▸ **DATA**
'''
lemma measure_PiM_sums_sharing_coordinate:
  fixes L1 L2 :: "'i set"
  assumes \<mu>: "real_distribution \<mu>"
    and L: "finite L1" "finite L2" "L1 \<inter> L2 = {k}" "card L1 = card L2" "L1 \<union> L2 \<subseteq> I"
    and U: "U \<in> sets borel"
  shows "measure (PiM I (\<lambda>_. \<mu>)) {\<omega> \<in> space (PiM I (\<lambda>_. \<mu>)). (\<Sum>i\<in>L1. \<omega> i) \<in> U} ^ 2
    \<le> measure (PiM I (\<lambda>_. \<mu>)) {\<omega> \<in> space (PiM I (\<lambda>_. \<mu>)). (\<Sum>i\<in>L1. \<omega> i) \<in> U \<and> (\<Sum>i\<in>L2. \<omega> i) \<in> U}"
    (is "measure ?M ?S1 ^ 2 \<le> measure ?M ?S12")
proof -
  interpret real_distribution \<mu> by fact
  interpret M: prob_space ?M by (intro prob_space_PiM prob_space_axioms)
  define R where "R = PiM (I - {k}) (\<lambda>_. \<mu>)"
  interpret R: prob_space R unfolding R_def by (intro prob_space_PiM prob_space_axioms)
  define F where "F c = emeasure (conv_pow \<mu> (card L1 - 1)) {s. c + s \<in> U}" for c
  note borel_measurable_PiM_coordinate[OF events_eq_borel, measurable]
  have k: "k \<in> L1" "k \<in> L2" "k \<in> I" using L by auto
  have J: "(L1 - {k}) \<inter> (L2 - {k}) = {}" "L1 - {k} \<subseteq> I - {k}" "L2 - {k} \<subseteq> I - {k}"
    "card (L1 - {k}) = card L1 - 1" "card (L2 - {k}) = card L1 - 1"
    using L k by auto
  have U_shift: "{s. c + s \<in> U} \<in> sets borel" for c
    using measurable_sets[OF _ U, of "\<lambda>s. c + s" borel] by (simp add: vimage_def)
  have upd_space: "X(k := c) \<in> space ?M" if "X \<in> space R" for X c
    using that k by (auto simp: R_def space_PiM PiE_iff extensional_def)
  have block1: "emeasure R {X \<in> space R. (\<Sum>i\<in>L1 - {k}. X i) \<in> {s. c + s \<in> U}} = F c"
    and block2: "emeasure R {X \<in> space R. (\<Sum>i\<in>L2 - {k}. X i) \<in> {s. c + s \<in> U}} = F c" for c
    using emeasure_PiM_sum[OF \<mu> _ _ U_shift[of c], where I = "I - {k}" and J = "L1 - {k}"]
      emeasure_PiM_sum[OF \<mu> _ _ U_shift[of c], where I = "I - {k}" and J = "L2 - {k}"] J L
    unfolding R_def F_def by simp_all
  have "emeasure ?M ?S1 = (\<integral>\<^sup>+c. F c \<partial>\<mu>)"
  proof -
    have "{X \<in> space R. X(k := c) \<in> ?S1} = {X \<in> space R. (\<Sum>i\<in>L1 - {k}. X i) \<in> {s. c + s \<in> U}}" for c
      using upd_space by (auto simp: sum_fun_upd_remove[OF L(1) k(1)] simp del: fun_upd_apply)
    moreover have "?S1 \<in> sets ?M" using U by measurable
    ultimately show ?thesis
      using emeasure_PiM_split_coordinate[OF prob_space_axioms k(3)] block1 by (simp add: R_def)
  qed
  moreover have "emeasure ?M ?S12 = (\<integral>\<^sup>+c. F c ^ 2 \<partial>\<mu>)"
  proof -
    have "{X \<in> space R. X(k := c) \<in> ?S12} =
      {X \<in> space R. (\<Sum>i\<in>L1 - {k}. X i) \<in> {s. c + s \<in> U} \<and> (\<Sum>i\<in>L2 - {k}. X i) \<in> {s. c + s \<in> U}}" for c
      using upd_space
      by (auto simp: sum_fun_upd_remove[OF L(1) k(1)] sum_fun_upd_remove[OF L(2) k(2)] simp del: fun_upd_apply)
    moreover have "emeasure R {X \<in> space R.
        (\<Sum>i\<in>L1 - {k}. X i) \<in> {s. c + s \<in> U} \<and> (\<Sum>i\<in>L2 - {k}. X i) \<in> {s. c + s \<in> U}} = F c ^ 2" for c
      using measure_PiM_sums_disjoint[OF \<mu> J(1-3) U_shift[of c] U_shift[of c]] block1[of c] block2[of c]
      by (simp add: R_def[symmetric] R.emeasure_eq_measure ennreal_mult power2_eq_square)
    moreover have "?S12 \<in> sets ?M" using U by measurable
    ultimately show ?thesis
      using emeasure_PiM_split_coordinate[OF prob_space_axioms k(3)] by (simp add: R_def)
  qed
  moreover have "(\<integral>\<^sup>+c. F c \<partial>\<mu>) ^ 2 \<le> (\<integral>\<^sup>+c. F c ^ 2 \<partial>\<mu>)"
    using Cauchy_Schwarz_nn_integral[of F \<mu> "\<lambda>_. 1"] emeasure_space_1
      borel_measurable_emeasure_translate[OF events_eq_borel real_distribution_conv_pow[OF \<mu>] U]
    by (simp add: F_def[abs_def])
  ultimately have "ennreal (measure ?M ?S1 ^ 2) \<le> ennreal (measure ?M ?S12)"
    by (simp add: M.emeasure_eq_measure ennreal_power[symmetric])
  then show ?thesis by simp
qed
'''
▸ **WHAT NEEDS TO BE DONE**
Start to finish, transcribe the listing above exactly.

▸ **EXERCISE RESPONSE**
lemma measure_PiM_sums_sharing_coordinate:
  fixes L1 L2 :: "'i set"
  assumes \<mu>: "real_distribution \<mu>"
    and L: "finite L1" "finite L2" "L1 \<inter> L2 = {k}" "card L1 = card L2" "L1 \<union> L2 \<subseteq> I"
    and U: "U \<in> sets borel"
  shows "measure (PiM I (\<lambda>_. \<mu>)) {\<omega> \<in> space (PiM I (\<lambda>_. \<mu>)). (\<Sum>i\<in>L1. \<omega> i) \<in> U} ^ 2
    \<le> measure (PiM I (\<lambda>_. \<mu>)) {\<omega> \<in> space (PiM I (\<lambda>_. \<mu>)). (\<Sum>i\<in>L1. \<omega> i) \<in> U \<and> (\<Sum>i\<in>L2. \<omega> i) \<in> U}"
    (is "measure ?M ?S1 ^ 2 \<le> measure ?M ?S12")
proof -
  interpret real_distribution \<mu> by fact
  interpret M: prob_space ?M by (intro prob_space_PiM prob_space_axioms)
  define R where "R = PiM (I - {k}) (\<lambda>_. \<mu>)"
  interpret R: prob_space R unfolding R_def by (intro prob_space_PiM prob_space_axioms)
  define F where "F c = emeasure (conv_pow \<mu> (card L1 - 1)) {s. c + s \<in> U}" for c
  note borel_measurable_PiM_coordinate[OF events_eq_borel, measurable]
  have k: "k \<in> L1" "k \<in> L2" "k \<in> I" using L by auto
  have J: "(L1 - {k}) \<inter> (L2 - {k}) = {}" "L1 - {k} \<subseteq> I - {k}" "L2 - {k} \<subseteq> I - {k}"
    "card (L1 - {k}) = card L1 - 1" "card (L2 - {k}) = card L1 - 1"
    using L k by auto
  have U_shift: "{s. c + s \<in> U} \<in> sets borel" for c
    using measurable_sets[OF _ U, of "\<lambda>s. c + s" borel] by (simp add: vimage_def)
  have upd_space: "X(k := c) \<in> space ?M" if "X \<in> space R" for X c
    using that k by (auto simp: R_def space_PiM PiE_iff extensional_def)
  have block1: "emeasure R {X \<in> space R. (\<Sum>i\<in>L1 - {k}. X i) \<in> {s. c + s \<in> U}} = F c"
    and block2: "emeasure R {X \<in> space R. (\<Sum>i\<in>L2 - {k}. X i) \<in> {s. c + s \<in> U}} = F c" for c
    using emeasure_PiM_sum[OF \<mu> _ _ U_shift[of c], where I = "I - {k}" and J = "L1 - {k}"]
      emeasure_PiM_sum[OF \<mu> _ _ U_shift[of c], where I = "I - {k}" and J = "L2 - {k}"] J L
    unfolding R_def F_def by simp_all
  have "emeasure ?M ?S1 = (\<integral>\<^sup>+c. F c \<partial>\<mu>)"
  proof -
    have "{X \<in> space R. X(k := c) \<in> ?S1} = {X \<in> space R. (\<Sum>i\<in>L1 - {k}. X i) \<in> {s. c + s \<in> U}}" for c
      using upd_space by (auto simp: sum_fun_upd_remove[OF L(1) k(1)] simp del: fun_upd_apply)
    moreover have "?S1 \<in> sets ?M" using U by measurable
    ultimately show ?thesis
      using emeasure_PiM_split_coordinate[OF prob_space_axioms k(3)] block1 by (simp add: R_def)
  qed
  moreover have "emeasure ?M ?S12 = (\<integral>\<^sup>+c. F c ^ 2 \<partial>\<mu>)"
  proof -
    have "{X \<in> space R. X(k := c) \<in> ?S12} =
      {X \<in> space R. (\<Sum>i\<in>L1 - {k}. X i) \<in> {s. c + s \<in> U} \<and> (\<Sum>i\<in>L2 - {k}. X i) \<in> {s. c + s \<in> U}}" for c
      using upd_space
      by (auto simp: sum_fun_upd_remove[OF L(1) k(1)] sum_fun_upd_remove[OF L(2) k(2)] simp del: fun_upd_apply)
    moreover have "emeasure R {X \<in> space R.
        (\<Sum>i\<in>L1 - {k}. X i) \<in> {s. c + s \<in> U} \<and> (\<Sum>i\<in>L2 - {k}. X i) \<in> {s. c + s \<in> U}} = F c ^ 2" for c
      using measure_PiM_sums_disjoint[OF \<mu> J(1-3) U_shift[of c] U_shift[of c]] block1[of c] block2[of c]
      by (simp add: R_def[symmetric] R.emeasure_eq_measure ennreal_mult power2_eq_square)
    moreover have "?S12 \<in> sets ?M" using U by measurable
    ultimately show ?thesis
      using emeasure_PiM_split_coordinate[OF prob_space_axioms k(3)] by (simp add: R_def)
  qed
  moreover have "(\<integral>\<^sup>+c. F c \<partial>\<mu>) ^ 2 \<le> (\<integral>\<^sup>+c. F c ^ 2 \<partial>\<mu>)"
    using Cauchy_Schwarz_nn_integral[of F \<mu> "\<lambda>_. 1"] emeasure_space_1
      borel_measurable_emeasure_translate[OF events_eq_borel real_distribution_conv_pow[OF \<mu>] U]
    by (simp add: F_def[abs_def])
  ultimately have "ennreal (measure ?M ?S1 ^ 2) \<le> ennreal (measure ?M ?S12)"
    by (simp add: M.emeasure_eq_measure ennreal_power[symmetric])
  then show ?thesis by simp
qed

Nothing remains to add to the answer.